Chiltern Firehouse, the sequel
Roula Khalaf, Editor of the FT, selects her favourite stories in this weekly newsletter.
I am out for dinner at Louie, a new restaurant in London’s Covent Garden. It’s only the first day of service (after months of delay), but I can already tell this place is going to fly.
This is what I’ve been missing. I don’t mean going out to a restaurant. I have done that plenty of times in the past few weeks. I mean going to a restaurant where the crowd is such a big part of the draw. Here I can take pleasure in what’s going on at the next table because: a) there are actually people at the next table, albeit at some distance – even pre-Covid it was the plan for placements to be quite far apart; b) the sightlines are impeccable; and c) the people here are so damn beautiful I can’t help but look.
It’s not just the crowd. Everything here is beautiful, from the retro-patterned carpets to the gold corduroy upholstery to the gleaming copper bar. There’s a palpable sense of excitement. Finally, somewhere new and exciting. Somewhere worth dressing up for. Somewhere you can go and be part of a scene.
And not just any scene. The scene, if the French-born managing partner Guillaume Glipa has anything to do with it. He – and his partners, the French based hospitality group Paris Society – want Louie to be an alternative to Chiltern Firehouse, which seems like a tall order, given how insanely popular the Marylebone hotel-restaurant continues to be. But if anyone can pull it off, Glipa can. After years at top-tier restaurants in New York and London, he was part of the team that launched Chiltern Firehouse under André Balazs in 2013. He then joined forces with Richard Caring to reopen Annabel’s in 2018. He knows how to launch a success.
Likewise, the interiors at Louie have been designed by Dion & Arles, the Paris-based firm co-helmed by Maxime Dion, who was also part of the founding Firehouse team. That restaurant’s chic homeliness also prevails at Louie, which is housed in a five-storey townhouse in the same street as The Ivy. The higher up you go, the more intimate it gets. At ground level, the bright dining room features a seafood counter and jukebox; the carpeted first-floor restaurant finds velvet banquettes crouching under lower ceilings; the cosy second floor has a bar and terrace; and the top-floor “cabana” is so informal you might want a lie down.
Under American head chef Slade Rushing, the menu brings together “classic French gastronomy, revisited New Orleans dishes and New York culinary heritage”, with a mix of brasserie staples (steak tartare, Caesar salad, New York strip) and some less familiar Louisiana influences (such as the oyster po’ boy eclairs and praline bread pudding). Some dishes are so good they risk eclipsing others. Among the starters, the Cornish crab cake was nice (crisp on the outside with naturally sweet meat), but the star was oysters Rockefeller, poached in butter and served with spinach, bacon crisps and liquorice root.
From the mains, the seafood gumbo left my friend a bit cold (the combination of an insistent, bisque-like sauce with robust cuts of seafood, sausage, crab rice, okra and cherry tomatoes delivered too many flavours). But making up for it was the New Orleans-style BBQ lobster with lemon confit, which came with hunks of garlicky toasted baguette that we dragged across the plate to mop up the creole-spiced butter sauce. Gosh, that sauce was something. As was the delicious bacon-wrapped monkfish. And the creole spiced lamb chops, which were robustly seasoned and smoky, with thyme-infused black-eyed peas. We also ordered a side of buttermilk potato purée, which we didn’t regret.

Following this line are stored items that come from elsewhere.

(* Let $G^p_n$ be a random bipartite graph drawn from $G(n,n,p)$, and let $i_t(G^p_n)$ be the number of independent sets of size $t$ in $G^p_n$ ($0\le t\le n$). Say an event holds almost surely if its probability tends to $1$ as $n\to\infty$. \begin{enumerate} \item Fix $\delta>0$ and let $p$ satisfy $p\ge \delta$. Then almost surely the sequence $(i_t(G^p_n))_{t\ge 0}$ is unimodal with mode $n/2$. Moreover, there is a constant $C=C(p)$ such that almost surely the sequence $(i_t(G^p_n))_{t=[C\log n]}^{n}$ is log-concave. \item There are constants $C,D$ such that if $p\ge D n^{-1/2}\log^{1/2} n$ then almost surely the sequence $(i_t(G^p_n))_{t=[(C\log n)/p]}^{n}$ is unimodal with mode $n/2$, and moreover is log-concave. \item If $p\ge (\log n+\log\log n+\omega(1))/n$ then almost surely the sequence $(i_t(G^p_n))_{t=0}^{k}$ is increasing, where $k=\log n-2\log\log n$. \end{enumerate}
   Context: $G(n,n,p)$ is the probability distribution on bipartite graphs with a fixed bipartition $\mathcal{E}\cup\mathcal{O}$, $|\mathcal{E}|=|\mathcal{O}|=n$, in which each of the $n^2$ pairs in $\mathcal{E}\times\mathcal{O}$ is an edge independently with probability $p$ (where $p=p(n)$ may depend on $n$). An independent set is a set of vertices spanning no edge. A sequence $(a_t)_{t=m}^{n}$ is unimodal with mode $k$ if $a_m\le a_{m+1}\le\dots\le a_k\ge a_{k+1}\ge\dots\ge a_n$; it is log-concave if $a_k^2\ge a_{k-1}a_{k+1}$ for all $m<k<n$. $[y]$ denotes the integer part of $y$; $\omega(1)$ denotes a function tending to infinity with $n$. *)

theory Defs
  imports Complex_Main
begin

text \<open>Vertices of the bipartite graph: the even class is \<open>Inl ` {..<n}\<close>,
  the odd class is \<open>Inr ` {..<n}\<close>.  A bipartite graph on this bipartition
  is given by its edge set \<open>E \<subseteq> {..<n} \<times> {..<n}\<close>, where \<open>(i,j) \<in> E\<close>
  means that \<open>Inl i\<close> and \<open>Inr j\<close> are adjacent.\<close>

definition bip_vertices :: "nat \<Rightarrow> (nat + nat) set" where
  "bip_vertices n = Inl ` {..<n} \<union> Inr ` {..<n}"

definition bip_independent :: "nat \<Rightarrow> (nat \<times> nat) set \<Rightarrow> (nat + nat) set \<Rightarrow> bool" where
  "bip_independent n E S \<longleftrightarrow> S \<subseteq> bip_vertices n \<and>
     (\<forall>i j. (i, j) \<in> E \<longrightarrow> \<not> (Inl i \<in> S \<and> Inr j \<in> S))"

definition indep_count :: "nat \<Rightarrow> (nat \<times> nat) set \<Rightarrow> nat \<Rightarrow> nat" where
  "indep_count n E t = card {S. bip_independent n E S \<and> card S = t}"

definition prob_Gnnp :: "nat \<Rightarrow> real \<Rightarrow> ((nat \<times> nat) set \<Rightarrow> bool) \<Rightarrow> real" where
  "prob_Gnnp n p P =
     (\<Sum>E \<in> {E. E \<subseteq> {..<n} \<times> {..<n} \<and> P E}.
        p ^ card E * (1 - p) ^ (n * n - card E))"

definition almost_surely :: "(nat \<Rightarrow> real) \<Rightarrow> (nat \<Rightarrow> (nat \<times> nat) set \<Rightarrow> bool) \<Rightarrow> bool" where
  "almost_surely p P \<longleftrightarrow> (\<lambda>n. prob_Gnnp n (p n) (P n)) \<longlonglongrightarrow> 1"

definition unimodal_mode :: "(nat \<Rightarrow> nat) \<Rightarrow> nat \<Rightarrow> nat \<Rightarrow> nat \<Rightarrow> bool" where
  "unimodal_mode a m N k \<longleftrightarrow> m \<le> k \<and> k \<le> N \<and>
     (\<forall>t. m \<le> t \<and> t < k \<longrightarrow> a t \<le> a (Suc t)) \<and>
     (\<forall>t. k \<le> t \<and> t < N \<longrightarrow> a (Suc t) \<le> a t)"

text \<open>Unimodal with mode n/2 (for odd n: mode \<lfloor>n/2\<rfloor> or \<lceil>n/2\<rceil>).\<close>
definition unimodal_half :: "(nat \<Rightarrow> nat) \<Rightarrow> nat \<Rightarrow> nat \<Rightarrow> bool" where
  "unimodal_half a m n \<longleftrightarrow> unimodal_mode a m n (n div 2) \<or> unimodal_mode a m n ((n + 1) div 2)"

definition log_concave_on :: "(nat \<Rightarrow> nat) \<Rightarrow> nat \<Rightarrow> nat \<Rightarrow> bool" where
  "log_concave_on a m N \<longleftrightarrow> (\<forall>k. m < k \<and> k < N \<longrightarrow> a (k - 1) * a (k + 1) \<le> (a k)\<^sup>2)"

end

theory Submission
  imports Defs "HOL-Real_Asymp.Real_Asymp"
begin

text \<open>
  An independent \<open>t\<close>-set is a pair \<open>(X, Y)\<close> of subsets of the two classes with no edge
  between them, and those with \<open>X\<close> or \<open>Y\<close> empty do not depend on the graph:
  \<open>i\<^sub>t = 2 binom(n,t) + M\<^sub>t\<close>, where \<open>M\<^sub>t\<close> counts the mixed ones.  The sequence
  \<open>2 binom(n,t)\<close> is unimodal with mode \<open>n/2\<close> and log-concave with a relative slack of order
  \<open>1/n\<close> in each step, so it suffices that \<open>3 n M\<^sub>t \<le> binom(n,t)\<close>.  The expectation of \<open>M\<^sub>t\<close>
  is \<open>\<Sum>\<^sub>a binom(n,a) binom(n,t-a) (1-p)\<^bsup>a(t-a)\<^esup>\<close>; once \<open>p t \<ge> 12 ln n\<close> every term is at most
  \<open>binom(n,t)/n\<^sup>4\<close>, and Markov's inequality with a union bound over \<open>t\<close> gives the required
  bound almost surely.  For constant \<open>p\<close> the remaining \<open>t = O(log n)\<close> are handled by the
  cruder estimate \<open>E M\<^sub>t = O(t binom(n,t))\<close>, which still keeps \<open>i\<^sub>t\<close> increasing.  The third
  statement needs no randomness: for \<open>t \<le> ln n\<close>, \<open>i\<^sub>t \<le> binom(2n,t) < 2 binom(n,t+1) \<le> i\<^sub>t\<^sub>+\<^sub>1\<close>.
\<close>

section \<open>The random bipartite graph \<open>G(n,n,p)\<close>\<close>

lemma sum_Pow_power_card:
  fixes x y :: "'a::comm_semiring_1"
  assumes "finite A"
  shows "(\<Sum>X\<in>Pow A. x ^ card X * y ^ (card A - card X)) = (x + y) ^ card A"
proof -
  have "(x + y) ^ card A = (\<Sum>X\<in>Pow A. (\<Prod>_\<in>X. x) * (\<Prod>_\<in>A - X. y))"
    using prod_add[OF assms, of "\<lambda>_. x" "\<lambda>_. y"] by simp
  also have "\<dots> = (\<Sum>X\<in>Pow A. x ^ card X * y ^ (card A - card X))"
  proof (rule sum.cong[OF refl])
    fix X assume "X \<in> Pow A"
    then have "finite X" "X \<subseteq> A" using assms finite_subset by auto
    then show "(\<Prod>_\<in>X. x) * (\<Prod>_\<in>A - X. y) = x ^ card X * y ^ (card A - card X)"
      by (simp add: card_Diff_subset)
  qed
  finally show ?thesis ..
qed
(* Let $b\in C^1([0,\infty))$ satisfy $b(t)>0$ for all $t\ge0$ and $b_0:=\limsup_{t\to\infty}\frac{|b'(t)|}{b(t)^2}<1$. Define for $t\ge0$ $$\Phi(t)=\int_t^\infty\exp\Big(-\int_t^sb(\sigma)\,d\sigma\Big)\,ds.$$ Then $\Phi$ is well defined (finite) and: (i) $\Phi(0)=B_0:=\int_0^\infty\exp(-\int_0^sb(\sigma)d\sigma)\,ds$, and $\Phi'(t)-b(t)\Phi(t)=-1$ for every $t\ge0$; (ii) there exist constants $t_0>0$, $B_1>0$, $B_2>0$ such that $\frac{B_1}{b(t)}\le\Phi(t)\le\frac{B_2}{b(t)}$ for every $t\ge t_0$; (iii) for every $t\ge t_0$, $|\Phi'(t)|\le\frac{1+b_0}{1-b_0}$; in particular $\Phi'$ is bounded on $[0,\infty)$. *)

theory Defs
  imports "HOL-Analysis.Analysis"
begin

definition Phi :: "(real \<Rightarrow> real) \<Rightarrow> real \<Rightarrow> real" where
  "Phi b t = integral {t..} (\<lambda>s. exp (- integral {t..s} b))"

definition b0_ereal :: "(real \<Rightarrow> real) \<Rightarrow> (real \<Rightarrow> real) \<Rightarrow> ereal" where
  "b0_ereal b b' = Limsup at_top (\<lambda>t. ereal (\<bar>b' t\<bar> / (b t)\<^sup>2))"

end

theory Submission
  imports Defs
begin
text \<open>Each value \<open>L\<close> of \<open>repeat_length r m\<close> is taken by at most \<open>2 r\<close> values of \<open>m\<close>.\<close>

lemma sum_power_repeat_length_le:
  fixes \<rho> :: real
  assumes r: "0 < r" and \<rho>: "0 \<le> \<rho>" "\<rho> \<le> 1/2"
  shows "(\<Sum>m\<in>{1..N}. \<rho> ^ repeat_length r m) \<le> 4 * r * \<rho>"
proof -
  have blocks: "(\<Sum>m\<in>{1..2 * r * M}. \<rho> ^ repeat_length r m) \<le> 2 * r * (\<Sum>L\<in>{1..M}. \<rho> ^ L)" for M
  proof (induction M)
    case (Suc M)
    let ?I = "{2 * r * M + 1..2 * r * M + 2 * r}"
    have "{1..2 * r * Suc M} = {1..2 * r * M} \<union> ?I" by auto
    then have "(\<Sum>m\<in>{1..2 * r * Suc M}. \<rho> ^ repeat_length r m)
        = (\<Sum>m\<in>{1..2 * r * M}. \<rho> ^ repeat_length r m) + (\<Sum>m\<in>?I. \<rho> ^ repeat_length r m)"
      by (simp add: sum.union_disjoint)
    also have "(\<Sum>m\<in>?I. \<rho> ^ repeat_length r m) \<le> (\<Sum>m\<in>?I. \<rho> ^ Suc M)"
    proof (rule sum_mono)
      fix m assume "m \<in> ?I"
      then have "Suc M \<le> repeat_length r m" using repeat_length_le_iff[OF r, of m M] by auto
      then show "\<rho> ^ repeat_length r m \<le> \<rho> ^ Suc M" using \<rho> by (intro power_decreasing) auto
    qed
    finally show ?case using Suc.IH by (simp add: algebra_simps)
  qed simp
  have "(\<Sum>m\<in>{1..N}. \<rho> ^ repeat_length r m) \<le> (\<Sum>m\<in>{1..2 * r * N}. \<rho> ^ repeat_length r m)"
    using \<rho> r by (intro sum_mono2) auto
  also have "\<dots> \<le> 2 * r * (\<Sum>L\<in>{1..N}. \<rho> ^ L)" by (rule blocks)
  also have "\<dots> \<le> 2 * r * (2 * \<rho>)"
    using sum_power_le_double[OF \<rho>] by (intro mult_left_mono) auto
  finally show ?thesis by simp
qed

lemma sum_binomial_terms_le:
  assumes r: "0 < r"
  defines "q \<equiv> real (alphabet_size r)" and "\<beta> \<equiv> real (alphabet_size r) * (1 - 1 / (4 * real r))"
  shows "(\<Sum>m\<in>{1..N}. real (m choose (2 * repeat_length r m)) * q ^ (m - repeat_length r m)
            / \<beta> ^ (m - 1)) \<le> q - \<beta>"
proof -
  define \<rho> where "\<rho> = 1 / (16 * real r ^ 2)"
  have "1 \<le> real r ^ 2" using r by simp
  then have \<rho>: "0 \<le> \<rho>" "\<rho> \<le> 1/2" unfolding \<rho>_def by (auto simp: divide_simps)
  have "(\<Sum>m\<in>{1..N}. real (m choose (2 * repeat_length r m)) * q ^ (m - repeat_length r m)
          / \<beta> ^ (m - 1)) \<le> (\<Sum>m\<in>{1..N}. q * \<rho> ^ repeat_length r m)"
    unfolding \<beta>_def q_def \<rho>_def using binomial_term_le[OF r] by (intro sum_mono) auto
  also have "\<dots> = q * (\<Sum>m\<in>{1..N}. \<rho> ^ repeat_length r m)" by (simp add: sum_distrib_left)
  also have "\<dots> \<le> q * (4 * r * \<rho>)" unfolding q_def
    using sum_power_repeat_length_le[OF r \<rho>] by (intro mult_left_mono) auto
  also have "\<dots> = q - \<beta>" unfolding \<rho>_def \<beta>_def q_def using r
    by (simp add: field_simps power2_eq_square)
  finally show ?thesis .
qed

lemma iterated_growth:
  fixes g :: "nat \<Rightarrow> real"
  assumes "0 \<le> b" "\<And>k. k < n \<Longrightarrow> b * g k \<le> g (Suc k)" "j \<le> n"
  shows "b ^ (n - j) * g j \<le> g n"
  using assms(2,3)
proof (induction n)
  case (Suc n)
  show ?case
  proof (cases "j = Suc n")
    case False
    with Suc have IH: "b ^ (n - j) * g j \<le> g n" by simp
    have "b ^ (Suc n - j) * g j = b * (b ^ (n - j) * g j)"
      using False Suc.prems(2) by (simp add: Suc_diff_le)
    also have "\<dots> \<le> b * g n" using IH assms(1) by (rule mult_left_mono)
    also have "\<dots> \<le> g (Suc n)" using Suc.prems(1) by simp
    finally show ?thesis .
  qed simp
qed simp

text \<open>By strong induction, the growth rate already established for shorter lengths bounds the
  good prefixes in front of every bad suffix of an extension.\<close>

lemma card_good_words_growth:
  assumes r: "0 < r"
  defines "\<beta> \<equiv> real (alphabet_size r) * (1 - 1 / (4 * real r))"
  shows "\<beta> * real (card (good_words r n)) \<le> real (card (good_words r (Suc n)))"
proof (induction n rule: less_induct)
  case (less n)
  define g where "g k = real (card (good_words r k))" for k
  define q where "q = real (alphabet_size r)"
  define b where "b m = real (m choose (2 * repeat_length r m)) * q ^ (m - repeat_length r m)" for m
  have \<beta>: "0 < \<beta>" unfolding \<beta>_def using r by (simp add: alphabet_size_def field_simps)
  have prefix: "g (Suc n - m) \<le> g n / \<beta> ^ (m - 1)" if m: "m \<in> {1..Suc n}" for m
  proof -
    have "\<beta> ^ (n - (Suc n - m)) * g (Suc n - m) \<le> g n"
      using iterated_growth[of \<beta> n g "Suc n - m"] less \<beta> m unfolding g_def by force
    moreover have "n - (Suc n - m) = m - 1" using m by auto
    ultimately show ?thesis using \<beta> by (simp add: field_simps)
  qed
  have "q * g n \<le> g (Suc n) + (\<Sum>m\<in>{1..Suc n}. g (Suc n - m) * real (card (bad_words r m)))"
    using of_nat_mono[OF card_good_words_Suc[of r n]] unfolding g_def q_def
    by (simp only: of_nat_add of_nat_mult of_nat_sum)
  also have "(\<Sum>m\<in>{1..Suc n}. g (Suc n - m) * real (card (bad_words r m)))
      \<le> (\<Sum>m\<in>{1..Suc n}. g n / \<beta> ^ (m - 1) * b m)"
  proof (rule sum_mono)
    fix m assume m: "m \<in> {1..Suc n}"
    have "real (card (bad_words r m)) \<le> b m"
      using of_nat_mono[OF card_bad_words_le[of r m]] unfolding b_def q_def by simp
    then show "g (Suc n - m) * real (card (bad_words r m)) \<le> g n / \<beta> ^ (m - 1) * b m"
      using prefix[OF m] by (intro mult_mono) (auto simp: g_def)
  qed
  also have "\<dots> = g n * (\<Sum>m\<in>{1..Suc n}. b m / \<beta> ^ (m - 1))"
    unfolding sum_distrib_left by (rule sum.cong) simp_all
  also have "\<dots> \<le> g n * (q - \<beta>)"
    using sum_binomial_terms_le[OF r, of "Suc n"] unfolding b_def q_def \<beta>_def g_def
    by (intro mult_left_mono) auto
  finally show ?case unfolding g_def by (simp add: algebra_simps)
qed

lemma good_words_nonempty:
  assumes r: "0 < r"
  shows "good_words r n \<noteq> {}"
proof -
  have "0 < card (good_words r n)"
  proof (induction n)
    case 0
    have "[] \<in> good_words r 0" unfolding good_words_def good_word_def by simp
    then show ?case using finite_good_words card_gt_0_iff by blast
  next
    case (Suc n)
    have "0 < real (alphabet_size r) * (1 - 1 / (4 * real r))"
      using r by (simp add: alphabet_size_def field_simps)
    with Suc have "0 < real (alphabet_size r) * (1 - 1 / (4 * real r)) * real (card (good_words r n))"
      by simp
    also have "\<dots> \<le> real (card (good_words r (Suc n)))" by (rule card_good_words_growth[OF r])
    finally show ?case by simp
  qed
  then show ?thesis by auto
qed

section \<open>Infinite words\<close>

definition extendable :: "'a set \<Rightarrow> ('a list \<Rightarrow> bool) \<Rightarrow> 'a list \<Rightarrow> bool" where
  "extendable A P w \<longleftrightarrow>
     (\<forall>n\<ge>length w. \<exists>v. length v = n \<and> set v \<subseteq> A \<and> P v \<and> take (length w) v = w)"

lemma extendableD:
  assumes "extendable A P w"
  shows "set w \<subseteq> A \<and> P w"
proof -
  obtain v where "length v = length w" "set v \<subseteq> A" "P v" "take (length w) v = w"
    using assms unfolding extendable_def by blast
  then show ?thesis by simp
qed

lemma extendable_snoc:
  assumes A: "finite A" and take: "\<And>w n. P w \<Longrightarrow> P (take n w)" and w: "extendable A P w"
  shows "\<exists>a\<in>A. extendable A P (w @ [a])"
proof (rule ccontr)
  assume "\<not> ?thesis"
  then have "\<forall>a\<in>A. \<exists>n. Suc (length w) \<le> n \<and> (\<forall>v. P v \<longrightarrow> set v \<subseteq> A \<longrightarrow> length v = n \<longrightarrow>
      take (Suc (length w)) v \<noteq> w @ [a])"
    unfolding extendable_def by auto
  then have "\<exists>len. \<forall>a\<in>A. Suc (length w) \<le> len a \<and> (\<forall>v. P v \<longrightarrow>
      set v \<subseteq> A \<longrightarrow> length v = len a \<longrightarrow> take (Suc (length w)) v \<noteq> w @ [a])"
    by (rule bchoice)
  then obtain len where len: "\<And>a. a \<in> A \<Longrightarrow> Suc (length w) \<le> len a"
    "\<And>a v. a \<in> A \<Longrightarrow> P v \<Longrightarrow> set v \<subseteq> A \<Longrightarrow> length v = len a \<Longrightarrow>
      take (Suc (length w)) v \<noteq> w @ [a]"
    by blast
  define N where "N = Suc (length w) + (\<Sum>a\<in>A. len a)"
  have "length w \<le> N" unfolding N_def by simp
  then obtain v where v: "length v = N" "set v \<subseteq> A" "P v" "take (length w) v = w"
    using w unfolding extendable_def by blast
  define a where "a = v ! length w"
  have "length w < N" unfolding N_def by simp
  then have a: "a \<in> A" "take (Suc (length w)) v = w @ [a]"
    using v unfolding a_def by (auto simp: take_Suc_conv_app_nth)
  have "len a \<le> (\<Sum>a\<in>A. len a)" using a(1) A by (intro member_le_sum) auto
  then have "length (take (len a) v) = len a" using v(1) unfolding N_def by simp
  moreover have "take (Suc (length w)) (take (len a) v) = w @ [a]"
    using a len(1)[OF a(1)] by (simp add: min_def)
  moreover have "P (take (len a) v)" using take v(3) .
  moreover have "set (take (len a) v) \<subseteq> A" using v(2) by (meson order.trans set_take_subset)
  ultimately show False using len(2)[OF a(1)] by blast
qed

With dessert, a clear ranking emerged. The apple tarte tatin was lovely but upstaged by the Southern pecan pie, a delicate layering of nuts, cream and wafer. Top of the pile, though, was the Baba Bananas Foster, an evolution of rum baba and bananas Foster, which came with a jug of rum and a dish of cream. The spongy, boozy, pudding-y soup ticked all my boxes.
But will this be enough, particularly for somewhere that hopes to be the next Chiltern Firehouse? When we spoke pre-launch, Glipa admitted you could find great food and wine everywhere in London. He wanted Louie to offer something more, a place for “social moments”, where you could run into people on the stairs and get chatting on the terrace. The virtue of opening in a townhouse is that the narrow stairwells and warren-like configuration throw up possibilities of bumping into people and chance encounters. But how does that square with social distancing? All I can say is that if you’re into people-watching in gorgeous surroundings with lovely food, Louie is just the place.